It is misconstrued to believe that a renewed LP leadership could ever translate into normality and the adherence to the rule of law. Not when both leadership candidates still laud a prime minister perceived as abetting crime and promise to further use his services. How would the new leadership deal convincingly with the predatory capitalists who would certainly claim their pound of flesh having embodied themselves in this same party that blessed and laundered scandals? How would the new leadership revamp a politicised and submissive public sector that could be legally found to have defaulted righteousness? A new leadership would live under the influence of living skeletons. Hence it must move out of office.
Opposition parties too are responsible for the problems of the country.

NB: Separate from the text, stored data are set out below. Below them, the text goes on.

(* Let $n\ge 1$ and $N\ge 1$ be integers, and let $$F_n(s)=\frac{(s-1)^n}{s^{n+1}}\,\zeta(s)^n,\qquad \Re(s)>1,$$ where $\zeta(s)=\sum_{m=1}^\infty m^{-s}$ is the Riemann zeta-function. Let $f_n=\mathcal{L}^{-1}\{F_n\}$ be the inverse Laplace transform of $F_n$. Then for $0<t<\ln(N+1)$, $$f_n(t)=\sum_{m=1}^{N} d_n(m)\,h(t-\ln m)\,L_n(t-\ln m).$$
   Context: $h$ is the unit step function: $h(t)=0$ for $t<0$, $h(0)=\tfrac12$, $h(t)=1$ for $t>0$. $L_n$ is the $n$-th Laguerre polynomial $L_n(t)=\sum_{\nu=0}^{n}\binom{n}{\nu}\frac{(-t)^{\nu}}{\nu!}$. $d_n(m)$ is the Piltz divisor function, $d_n(m)=\#\{(k_1,\dots,k_n)\in\mathbb{Z}_{\ge1}^n : k_1k_2\cdots k_n=m\}$, so that $\zeta(s)^n=\sum_{m=1}^\infty d_n(m)m^{-s}$ for $\Re(s)>1$. *)

theory Defs
  imports "HOL-Analysis.Analysis"
begin

definition step_h :: "real \<Rightarrow> real" where
  "step_h t = (if t < 0 then 0 else if t = 0 then 1/2 else 1)"

definition laguerre :: "nat \<Rightarrow> real \<Rightarrow> real" where
  "laguerre n t = (\<Sum>\<nu>=0..n. real (n choose \<nu>) * (- t) ^ \<nu> / fact \<nu>)"

definition piltz :: "nat \<Rightarrow> nat \<Rightarrow> nat" where
  "piltz n m = card {ks :: nat list. length ks = n \<and> (\<forall>k\<in>set ks. k \<ge> 1) \<and> prod_list ks = m}"

text \<open>Riemann zeta function via its Dirichlet series (meaningful for Re s > 1).\<close>
definition zeta_series :: "complex \<Rightarrow> complex" where
  "zeta_series s = (\<Sum>m. 1 / (of_nat (Suc m)) powr s)"

definition F_fun :: "nat \<Rightarrow> complex \<Rightarrow> complex" where
  "F_fun n s = (s - 1) ^ n / s ^ (n + 1) * zeta_series s ^ n"

text \<open>Truncated Bromwich integral (1/(2 pi i)) \<integral>_{c-iT}^{c+iT} F(s) e^{st} ds,
  parametrised by s = c + i y, so ds = i dy.\<close>
definition bromwich_trunc :: "(complex \<Rightarrow> complex) \<Rightarrow> real \<Rightarrow> real \<Rightarrow> real \<Rightarrow> complex" where
  "bromwich_trunc F c t T =
     integral {-T..T} (\<lambda>y. F (Complex c y) * exp (Complex c y * complex_of_real t)) / complex_of_real (2 * pi)"

end

theory Submission
  imports Defs "HOL-Complex_Analysis.Complex_Analysis" "HOL-Real_Asymp.Real_Asymp"
begin

text \<open>
  Write \<open>F\<^sub>n(s) = \<zeta>(s)^n (s-1)^n / s^(n+1)\<close>, where
  \<open>(s-1)^n / s^(n+1) = \<Sum>\<^sub>j (-1)^j C(n,j) / s^(j+1)\<close> is the Laplace transform of
  \<open>h(t) L\<^sub>n(t)\<close>. Closing the segment \<open>Re s = c, |Im s| \<le> T\<close> by a rectangle to the left
  (residue at 0) or to the right (Cauchy), the truncated Bromwich integral of \<open>e^(su) / s^(j+1)\<close>
  tends to \<open>h(u) u^j / j!\<close>, hence that of \<open>e^(su) (s-1)^n / s^(n+1)\<close> tends to \<open>h(u) L\<^sub>n(u)\<close>.

  Replacing \<open>\<zeta>\<close> by its partial sum up to \<open>K\<close> turns \<open>\<zeta>^n\<close> into the finite Dirichlet
  polynomial \<open>\<Sum> (k\<^sub>1\<cdots>k\<^sub>n)^(-s)\<close> over \<open>k\<^sub>i \<le> K\<close>, whose Bromwich integral is a sum of the
  integrals above shifted to \<open>u = t - ln (k\<^sub>1\<cdots>k\<^sub>n)\<close>. As \<open>T \<rightarrow> \<infinity>\<close> the tuples with product
  \<open>> N\<close> drop out because \<open>t < ln (N+1)\<close>, and the remaining ones are counted by \<open>d\<^sub>n\<close>.
  The limits \<open>K \<rightarrow> \<infinity>\<close> and \<open>T \<rightarrow> \<infinity>\<close> can be exchanged because the truncation error is
  bounded uniformly in \<open>T \<ge> 1\<close>: a tuple with a factor \<open>k > L \<ge> e^(t+1)\<close> has \<open>u \<le> -1\<close>, where
  the shifted integral is at most \<open>2^(n+1) e^(cu)\<close>, so all such tuples together contribute at
  most a constant times \<open>\<zeta>(c)^n - (\<Sum>k\<le>L. k^(-c))^n\<close>.
\<close>

section \<open>Bromwich integrals of \<open>e^(su) / s^(j+1)\<close>\<close>

definition exp_div_pow :: "nat \<Rightarrow> real \<Rightarrow> complex \<Rightarrow> complex" where
  "exp_div_pow j u s = exp (s * of_real u) / s ^ Suc j"

abbreviation vertical_path :: "real \<Rightarrow> real \<Rightarrow> real \<Rightarrow> complex" where
  "vertical_path c T \<equiv> linepath (Complex c (-T)) (Complex c T)"

lemma norm_exp_div_pow: "norm (exp_div_pow j u s) = exp (Re s * u) / norm s ^ Suc j"
  by (simp add: exp_div_pow_def norm_divide norm_power norm_mult)

lemma continuous_on_exp_div_pow: "0 \<notin> S \<Longrightarrow> continuous_on S (exp_div_pow j u)"
  unfolding exp_div_pow_def by (intro continuous_intros) auto

lemma holomorphic_on_exp_div_pow: "0 \<notin> S \<Longrightarrow> exp_div_pow j u holomorphic_on S"
  unfolding exp_div_pow_def by (intro holomorphic_intros) auto

lemma zero_notin_vertical_path: "c \<noteq> 0 \<Longrightarrow> 0 \<notin> closed_segment (Complex c (-T)) (Complex c T)"
  by (auto simp: closed_segment_same_Re)

lemma has_integral_exp_linear_abs:
  fixes a b u :: real
  assumes "u \<noteq> 0"
  shows "((\<lambda>x. exp ((a + x * (b - a)) * u) * \<bar>b - a\<bar>) has_integral \<bar>exp (b * u) - exp (a * u)\<bar> / \<bar>u\<bar>) {0..1}"
proof (cases "a = b")
  case False
  define G where "G x = exp ((a + x * (b - a)) * u) * (\<bar>b - a\<bar> / ((b - a) * u))" for x
  have "((\<lambda>x. exp ((a + x * (b - a)) * u) * \<bar>b - a\<bar>) has_integral G 1 - G 0) {0..1}"
  proof (rule fundamental_theorem_of_calculus)
    fix x :: real
    have "((\<lambda>x. exp ((a + x * (b - a)) * u)) has_real_derivative exp ((a + x * (b - a)) * u) * ((b - a) * u)) (at x)"
      by (auto intro!: derivative_eq_intros simp: algebra_simps)
    then have "(G has_real_derivative exp ((a + x * (b - a)) * u) * ((b - a) * u) * (\<bar>b - a\<bar> / ((b - a) * u))) (at x)"
      unfolding G_def by (rule DERIV_cmult_right)
    then have "(G has_real_derivative exp ((a + x * (b - a)) * u) * \<bar>b - a\<bar>) (at x)"
      using False assms by simp
    then show "(G has_vector_derivative exp ((a + x * (b - a)) * u) * \<bar>b - a\<bar>) (at x within {0..1})"
      by (simp add: has_real_derivative_iff_has_vector_derivative has_vector_derivative_at_within)
  qed simp
  moreover have "G 1 - G 0 = \<bar>exp (b * u) - exp (a * u)\<bar> / \<bar>u\<bar>"
  proof -
    have "0 \<le> (exp (b * u) - exp (a * u)) * (b * u - a * u)"
      by (cases "a * u \<le> b * u") (auto intro!: mult_nonneg_nonneg mult_nonpos_nonpos)
    then have "(exp (b * u) - exp (a * u)) * ((b - a) * u) \<ge> 0"
      by (simp add: algebra_simps)
    then have "0 \<le> (exp (b * u) - exp (a * u)) / ((b - a) * u)"
      by (simp add: zero_le_divide_iff zero_le_mult_iff)
    then have "(exp (b * u) - exp (a * u)) / ((b - a) * u) = \<bar>exp (b * u) - exp (a * u)\<bar> / \<bar>(b - a) * u\<bar>"
      by (metis abs_divide abs_of_nonneg)
    moreover have "G 1 - G 0 = \<bar>b - a\<bar> * ((exp (b * u) - exp (a * u)) / ((b - a) * u))"
      by (simp add: G_def diff_divide_distrib algebra_simps)
    ultimately show ?thesis using False by (simp add: abs_mult)
  qed
  ultimately show ?thesis by simp
qed simp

The Partit Nazzjonalista is convinced that it can ride this perfect storm. Compared to this government, its past administrations certainly could claim a halo. Sins and alleged transgressions could have been the case. But no alleged criminal political initiatives were ever recorded. Our institutions functioned and acted independently even censuring government. Senior public officers, mentored and educated by their predecessors, could still respectfully look ministers in the eye and express their opinion.
A well-known political analyst, bemused in puerile defence of the LP, importantly calls that ‘a marriage of convenience within the Nationalist Party (that) is growing by the minute’, in reference to relations between the leadership and any apparent unofficial factions. Political parties can never claim to be a hegemony. Each and every member or activist has his own personality and individuality. Party factions are the result of dialogue and intra party democracy and as such would express different ideas and different thinking. In themselves factions, and social interest groups are a valuable asset. Problems arise if these different groups differ on issues of principles.
This is in no way the case with the PN. No one puts in discussion the party’s principles (l-egħruq bażiċi) and its dialogue with faith as inspired by Christian Democratic belief in a constitutional democracy. These principles are also shared by the majority of civil society.
The PN leadership is in duty bound to adopt a leadership role and provide alternative political solutions while being of service to civil society. As things stand the PN is certainly the only alternative to this government, and this in no way should be interpreted that a third party would not have a say in Malta’s future.
Civil society needs to focus on tangible solutions
Years back I had aired my thoughts that unless opposition political parties develop a credible and forceful opposition to the transgressions of this government, civil society would take over the burden and deliver. Our diverse social groups have acted convincingly and in an exemplary manner. Our civil society represents individuals from diverse social, political, cultural and economic sectors. Each group and each individual would have its and his/her personal agenda. But they are in consonance on principles – justice and true democracy.
They developed their protest programme intelligently, courageously and not without risk. Like the Italian Le Sardine group the initial hundreds turned into thousands and in the nature of sardines they move in droves of thousands tightly together to scare away the shark.
In the words of Le Sardine group co-founder Garreffa “We don’t need to be freed, we are a free people and as free individuals we are gathering together as the basic values of participation and democracy are at stake.”
It is the right and it is commendable of certain members of civil society to contemplate what I, given my bias, consider an illusory new political formation. The perennial principle, in these deplorable circumstances, is to avoid contrasting positions based on personal interest.
It is important that come this Sunday 5th January all opposition be present for what is referred to as a ‘protest’.
Let’s all sing along the famous “Bella Ciao!”
P.S. This popular song was developed decades back but revisited and reintroduced soon during WWII during fascist era. Through years it developed into a protest against autocracy and oppression.